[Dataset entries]
lemma matrix_inv_congruence:
  fixes E Q :: "'a::field^'n^'n"
  assumes "invertible E" "invertible Q"
  shows "matrix_inv (E ** Q ** transpose E) = transpose (matrix_inv E) ** matrix_inv Q ** matrix_inv E"
proof (rule matrix_inv_unique)
  have "E ** Q ** transpose E ** (transpose (matrix_inv E) ** matrix_inv Q ** matrix_inv E) =
      E ** (Q ** (transpose E ** transpose (matrix_inv E)) ** matrix_inv Q) ** matrix_inv E"
    by (simp add: matrix_mul_assoc)
  also have "\<dots> = mat 1"
    using assms by (simp add: transpose_mult_transpose_matrix_inv matrix_inv_right)
  finally show "E ** Q ** transpose E ** (transpose (matrix_inv E) ** matrix_inv Q ** matrix_inv E) = mat 1" .
qed

lemma trace_congruence_mult_inv:
  fixes E P Q :: "'a::field^'n^'n"
  assumes "invertible E" "invertible Q"
  shows "trace (E ** P ** transpose E ** matrix_inv (E ** Q ** transpose E)) = trace (P ** matrix_inv Q)"
proof -
  have "E ** P ** transpose E ** matrix_inv (E ** Q ** transpose E) =
      E ** (P ** (transpose E ** transpose (matrix_inv E)) ** matrix_inv Q) ** matrix_inv E"
    unfolding matrix_inv_congruence[OF assms] by (simp add: matrix_mul_assoc)
  also have "\<dots> = E ** (P ** matrix_inv Q) ** matrix_inv E"
    using assms(1) by (simp add: transpose_mult_transpose_matrix_inv)
  finally show ?thesis
    using assms(1) by (simp add: trace_mul_sym[of _ "matrix_inv E"] matrix_mul_assoc matrix_inv_left)
qed

lemma inner_axis_matrix_vector_axis: "axis i 1 \<bullet> (A *v axis j 1) = (A::real^'n^'m) $ i $ j"
  by (simp add: matrix_vector_mult_basis inner_axis' column_def)

lemma pd_symmetric: "pd X \<Longrightarrow> transpose X = X"
  by (simp add: pd_def symmetric_mat_def)

lemma pd_diag_pos: "pd X \<Longrightarrow> 0 < X $ i $ i"
  unfolding pd_def by (metis axis_eq_0_iff inner_axis_matrix_vector_axis zero_neq_one)

lemma pd_congruence:
  fixes Q E :: "real^'n^'n"
  assumes "pd Q" "invertible E"
  shows "pd (E ** Q ** transpose E)"
  unfolding pd_def symmetric_mat_def
proof safe
  show "transpose (E ** Q ** transpose E) = E ** Q ** transpose E"
    using pd_symmetric[OF assms(1)] by (simp add: matrix_transpose_mul matrix_mul_assoc)
  fix x :: "real^'n" assume "x \<noteq> 0"
  then have "transpose E *v x \<noteq> 0"
    using assms(2) transpose_invertible inj_matrix_vector_mult
    by (metis injD matrix_vector_mult_0_right)
  then have "0 < (transpose E *v x) \<bullet> (Q *v (transpose E *v x))"
    using assms(1) by (simp add: pd_def)
  also have "\<dots> = x \<bullet> ((E ** Q ** transpose E) *v x)"
    by (simp add: dot_lmul_matrix flip: matrix_vector_mul_assoc)
  finally show "0 < x \<bullet> ((E ** Q ** transpose E) *v x)" .
qed

lemma pd_segment:
  fixes X Y :: "real^'n^'n"
  assumes "pd X" "pd Y" "0 \<le> l" "l \<le> 1"
  shows "pd (X + l *\<^sub>R (Y - X))"
  unfolding pd_def symmetric_mat_def
proof safe
  show "transpose (X + l *\<^sub>R (Y - X)) = X + l *\<^sub>R (Y - X)"
    using assms(1,2)[THEN pd_symmetric] by (simp add: vec_eq_iff transpose_def)
next
  fix x :: "real^'n" assume "x \<noteq> 0"
  then have "0 < x \<bullet> (X *v x)" "0 < x \<bullet> (Y *v x)" using assms(1,2) unfolding pd_def by auto
  moreover have "x \<bullet> ((X + l *\<^sub>R (Y - X)) *v x) =
      (1 - l) * (x \<bullet> (X *v x)) + l * (x \<bullet> (Y *v x))"
    by (simp add: algebra_simps scaleR_matrix_vector_assoc[symmetric] inner_diff_right)
  ultimately show "0 < x \<bullet> ((X + l *\<^sub>R (Y - X)) *v x)"
    using assms(3,4) by (smt (verit) mult_nonneg_nonneg mult_pos_pos)
qed

definition shear_mat :: "real^'n \<Rightarrow> 'n \<Rightarrow> real^'n^'n" where
  "shear_mat c k = (\<chi> i j. (if i = j then 1 else 0) - (if j = k then c $ i else 0))"

lemma shear_mat_mult_component:
  "(shear_mat c k ** A) $ i $ j = A $ i $ j - c $ i * A $ k $ j"
  by (simp add: shear_mat_def matrix_matrix_mult_def left_diff_distrib sum_subtractf
      if_distrib[of "\<lambda>x. x * _"] cong: if_cong)

lemma mult_transpose_shear_mat_component:
  "(A ** transpose (shear_mat c k)) $ i $ j = A $ i $ j - A $ i $ k * c $ j"
  by (simp add: shear_mat_def matrix_matrix_mult_def transpose_def right_diff_distrib sum_subtractf
      if_distrib[of "\<lambda>x. _ * x"] cong: if_cong)

lemma invertible_shear_mat:
  assumes "c $ k = 0"
  shows "invertible (shear_mat c k)"
proof -
  have "shear_mat c k ** shear_mat (- c) k = mat 1"
    using assms by (simp add: vec_eq_iff shear_mat_mult_component) (simp add: shear_mat_def mat_def)
  then show ?thesis using invertible_right_inverse by blast
qed

lemma pd_congruent_diagonal_on:
  fixes Q :: "real^'n^'n"
  assumes "pd Q" "finite S"
  shows "\<exists>E::real^'n^'n. invertible E \<and>
           (\<forall>i\<in>S. \<forall>j. j \<noteq> i \<longrightarrow> (E ** Q ** transpose E) $ i $ j = 0)"
  using assms(2)
proof (induction S rule: finite_induct)
  case empty
  show ?case by (intro exI[of _ "mat 1"]) (auto simp: invertible_def)
next
  case (insert k S)
  then obtain E where E: "invertible E"
    and diag_S: "\<And>i j. i \<in> S \<Longrightarrow> j \<noteq> i \<Longrightarrow> (E ** Q ** transpose E) $ i $ j = 0"
    by blast
  define R where "R = E ** Q ** transpose E"
  have "pd R" unfolding R_def using assms(1) E by (rule pd_congruence)
  then have R_kk: "0 < R $ k $ k" by (rule pd_diag_pos)
  have R_sym: "R $ i $ j = R $ j $ i" for i j
    using pd_symmetric[OF \<open>pd R\<close>] by (metis transpose_def vec_lambda_beta)
  \<comment> \<open>symmetric Gaussian elimination of row and column k\<close>
  define c where "c = (\<chi> i. if i = k then 0 else R $ i $ k / R $ k $ k)"
  define F where "F = shear_mat c k"
  have FR: "(F ** R ** transpose F) $ i $ j =
      (R $ i $ j - c $ i * R $ k $ j) - (R $ i $ k - c $ i * R $ k $ k) * c $ j" for i j
    unfolding F_def mult_transpose_shear_mat_component shear_mat_mult_component ..
  show ?case
  proof (intro exI conjI ballI allI impI)
    show "invertible (F ** E)"
      unfolding F_def using E by (intro invertible_mult invertible_shear_mat) (simp add: c_def)
    fix i j assume "i \<in> insert k S" "j \<noteq> i"
    have "F ** E ** Q ** transpose (F ** E) = F ** R ** transpose F"
      by (simp add: R_def matrix_transpose_mul matrix_mul_assoc)
    moreover have "(F ** R ** transpose F) $ i $ j = 0"
    proof (cases "i = k")
      case True
      then show ?thesis using \<open>j \<noteq> i\<close> R_kk R_sym[of j k] by (simp add: FR c_def)
    next
      case False
      then have "i \<in> S" using \<open>i \<in> insert k S\<close> by simp
      then have "R $ i $ j = 0" "R $ i $ k = 0"
        using False \<open>j \<noteq> i\<close> diag_S unfolding R_def by auto
      then show ?thesis by (simp add: FR c_def)
    qed
    ultimately show "(F ** E ** Q ** transpose (F ** E)) $ i $ j = 0" by simp
  qed
qed

lemma pd_congruent_identity:
  fixes P :: "real^'n^'n"
  assumes "pd P"
  obtains E :: "real^'n^'n" where "invertible E" "E ** P ** transpose E = mat 1"
proof -
  obtain E :: "real^'n^'n" where E: "invertible E"
    and diag: "\<And>i j. j \<noteq> i \<Longrightarrow> (E ** P ** transpose E) $ i $ j = 0"
    using pd_congruent_diagonal_on[OF assms finite_class.finite_UNIV] by blast
  define D where "D = E ** P ** transpose E"
  have D_pos: "0 < D $ i $ i" for i
    unfolding D_def using pd_congruence[OF assms E] by (rule pd_diag_pos)
  define S :: "real^'n^'n" where "S = (\<chi> i j. if i = j then 1 / sqrt (D $ i $ i) else 0)"
  have "(S ** D ** transpose S) $ i $ j = D $ i $ j / (sqrt (D $ i $ i) * sqrt (D $ j $ j))" for i j
    by (simp add: S_def matrix_matrix_mult_def transpose_def
        if_distrib[of "\<lambda>x. x * _"] if_distrib[of "\<lambda>x. _ * x"] cong: if_cong)
  moreover have "D $ i $ j / (sqrt (D $ i $ i) * sqrt (D $ j $ j)) = (if i = j then 1 else 0)" for i j
    using D_pos[of i] diag[of j i] by (auto simp: D_def)
  ultimately have SDS: "S ** D ** transpose S = mat 1"
    by (simp add: vec_eq_iff mat_def)
  have SE: "S ** E ** P ** transpose (S ** E) = mat 1"
    using SDS by (simp add: D_def matrix_transpose_mul matrix_mul_assoc)
  moreover from SE have "invertible (S ** E)"
    using invertible_right_inverse by (metis matrix_mul_assoc)
  ultimately show ?thesis using that by blast
qed

lemma pd_det_pos:
  fixes X :: "real^'n^'n"
  assumes "pd X"
  shows "0 < det X"
proof -
  obtain E :: "real^'n^'n" where E: "E ** X ** transpose E = mat 1"
    using pd_congruent_identity[OF assms] by blast
  have "det X * (det E)\<^sup>2 = det (E ** X ** transpose E)"
    by (simp add: det_mul power2_eq_square)
  also have "\<dots> = 1" by (simp add: E)
  finally show ?thesis
    by (smt (verit) zero_le_power2 mult_nonpos_nonneg)
qed

lemma pd_invertible: "pd X \<Longrightarrow> invertible (X :: real^'n^'n)"
  by (simp add: invertible_det_nz pd_det_pos less_imp_neq[symmetric])

lemma has_real_derivative_det_line:
  fixes X D :: "real^'n^'n"
  shows "((\<lambda>l. det (X + l *\<^sub>R D)) has_real_derivative
           (\<Sum>k\<in>UNIV. det (\<chi> i. if i = k then D $ i else X $ i))) (at 0)"
proof -
  let ?P = "{p. p permutes (UNIV::'n set)}"
  have "((\<lambda>l. \<Sum>p\<in>?P. of_int (sign p) * (\<Prod>i\<in>UNIV. X $ i $ p i + l * D $ i $ p i))
      has_real_derivative (\<Sum>p\<in>?P. of_int (sign p) *
        (\<Sum>k\<in>UNIV. D $ k $ p k * (\<Prod>i\<in>UNIV - {k}. X $ i $ p i + 0 * D $ i $ p i)))) (at 0)"
    by (intro DERIV_sum DERIV_cmult has_field_derivative_prod) (auto intro!: derivative_eq_intros)
  moreover have "det (\<chi> i. if i = k then D $ i else X $ i) =
      (\<Sum>p\<in>?P. of_int (sign p) * (D $ k $ p k * (\<Prod>i\<in>UNIV - {k}. X $ i $ p i)))" for k
  proof -
    have "(\<Prod>i\<in>UNIV - {k}. (if i = k then D $ i else X $ i) $ p i) =
        (\<Prod>i\<in>UNIV - {k}. X $ i $ p i)" for p
      by (intro prod.cong) auto
    then show ?thesis by (simp add: det_def prod.remove[of UNIV k])
  qed
  ultimately show ?thesis
    by (simp add: det_def sum_distrib_left sum.swap[of _ ?P])
qed

lemma det_replace_row_lincomb:
  fixes X :: "'a::comm_ring_1^'n^'n"
  shows "det (\<chi> i. if i = k then (\<Sum>j\<in>UNIV. g j *s X $ j) else X $ i) = g k * det X"
proof -
  have "det (\<chi> i. if i = k then (\<Sum>j\<in>UNIV. g j *s X $ j) else X $ i) =
      (\<Sum>j\<in>UNIV. g j * det (\<chi> i. if i = k then X $ j else X $ i))"
    by (simp add: det_linear_row_sum det_row_mul)
  also have "\<dots> = (\<Sum>j\<in>UNIV. if j = k then g k * det X else 0)"
  proof (intro sum.cong refl)
    fix j
    show "g j * det (\<chi> i. if i = k then X $ j else X $ i) = (if j = k then g k * det X else 0)"
    proof (cases "j = k")
      case False
      then have "det (\<chi> i. if i = k then X $ j else X $ i) = 0"
        by (intro det_identical_rows[of k j]) (auto simp: row_def vec_eq_iff)
      then show ?thesis using False by simp
    next
      case True
      then have "(\<chi> i. if i = k then X $ j else X $ i) = X" by (simp add: vec_eq_iff)
      then show ?thesis using True by simp
    qed
  qed
  finally show ?thesis by simp
qed

lemma sum_det_replace_row:
  fixes X D Y :: "real^'n^'n"
  assumes "Y ** X = mat 1"
  shows "(\<Sum>k\<in>UNIV. det (\<chi> i. if i = k then D $ i else X $ i)) = det X * trace (D ** Y)"
proof -
  define G where "G = D ** Y"
  have "D = G ** X" unfolding G_def by (metis assms matrix_mul_assoc matrix_mul_rid)
  then have row: "D $ k = (\<Sum>j\<in>UNIV. G $ k $ j *s X $ j)" for k
    by (simp add: vec_eq_iff matrix_matrix_mult_def sum_component)
  have "det (\<chi> i. if i = k then D $ i else X $ i) = G $ k $ k * det X" for k
  proof -
    have "(\<chi> i. if i = k then D $ i else X $ i) = (\<chi> i. if i = k then D $ k else X $ i)"
      by (simp add: vec_eq_iff)
    then show ?thesis unfolding row[of k] by (simp add: det_replace_row_lincomb)
  qed
  then show ?thesis by (simp add: trace_def G_def sum_distrib_left mult.commute)
qed

lemma has_real_derivative_ln_det_line:
  fixes X D :: "real^'n^'n"
  assumes "pd X"
  shows "((\<lambda>l. ln (det (X + l *\<^sub>R D))) has_real_derivative trace (D ** matrix_inv X)) (at 0)"
proof -
  have "0 < det X" using assms by (rule pd_det_pos)
  moreover have "(\<Sum>k\<in>UNIV. det (\<chi> i. if i = k then D $ i else X $ i)) = det X * trace (D ** matrix_inv X)"
    using assms pd_invertible matrix_inv_left sum_det_replace_row by blast
  ultimately show ?thesis
    using DERIV_chain2[OF DERIV_ln_divide has_real_derivative_det_line[of X D]] by simp
qed

lemma trace_mult_segment:
  fixes B X Y :: "real^'n^'n"
  shows "trace (B ** (X + l *\<^sub>R (Y - X))) = trace (B ** X) + l * (trace (B ** Y) - trace (B ** X))"
  by (simp add: trace_def matrix_matrix_mult_def sum.distrib sum_subtractf sum_distrib_left algebra_simps)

> _TASK TO COMPLETE_:
Copy out only the lines above from the one with "l *\<^sub>R D)) has_real_derivative" to the one with "p permutes (UNIV::'n", inclusive, exactly as they stand.

> _ANSWER SPACE_:
  shows "((\<lambda>l. det (X + l *\<^sub>R D)) has_real_derivative
           (\<Sum>k\<in>UNIV. det (\<chi> i. if i = k then D $ i else X $ i))) (at 0)"
proof -
  let ?P = "{p. p permutes (UNIV::'n set)}"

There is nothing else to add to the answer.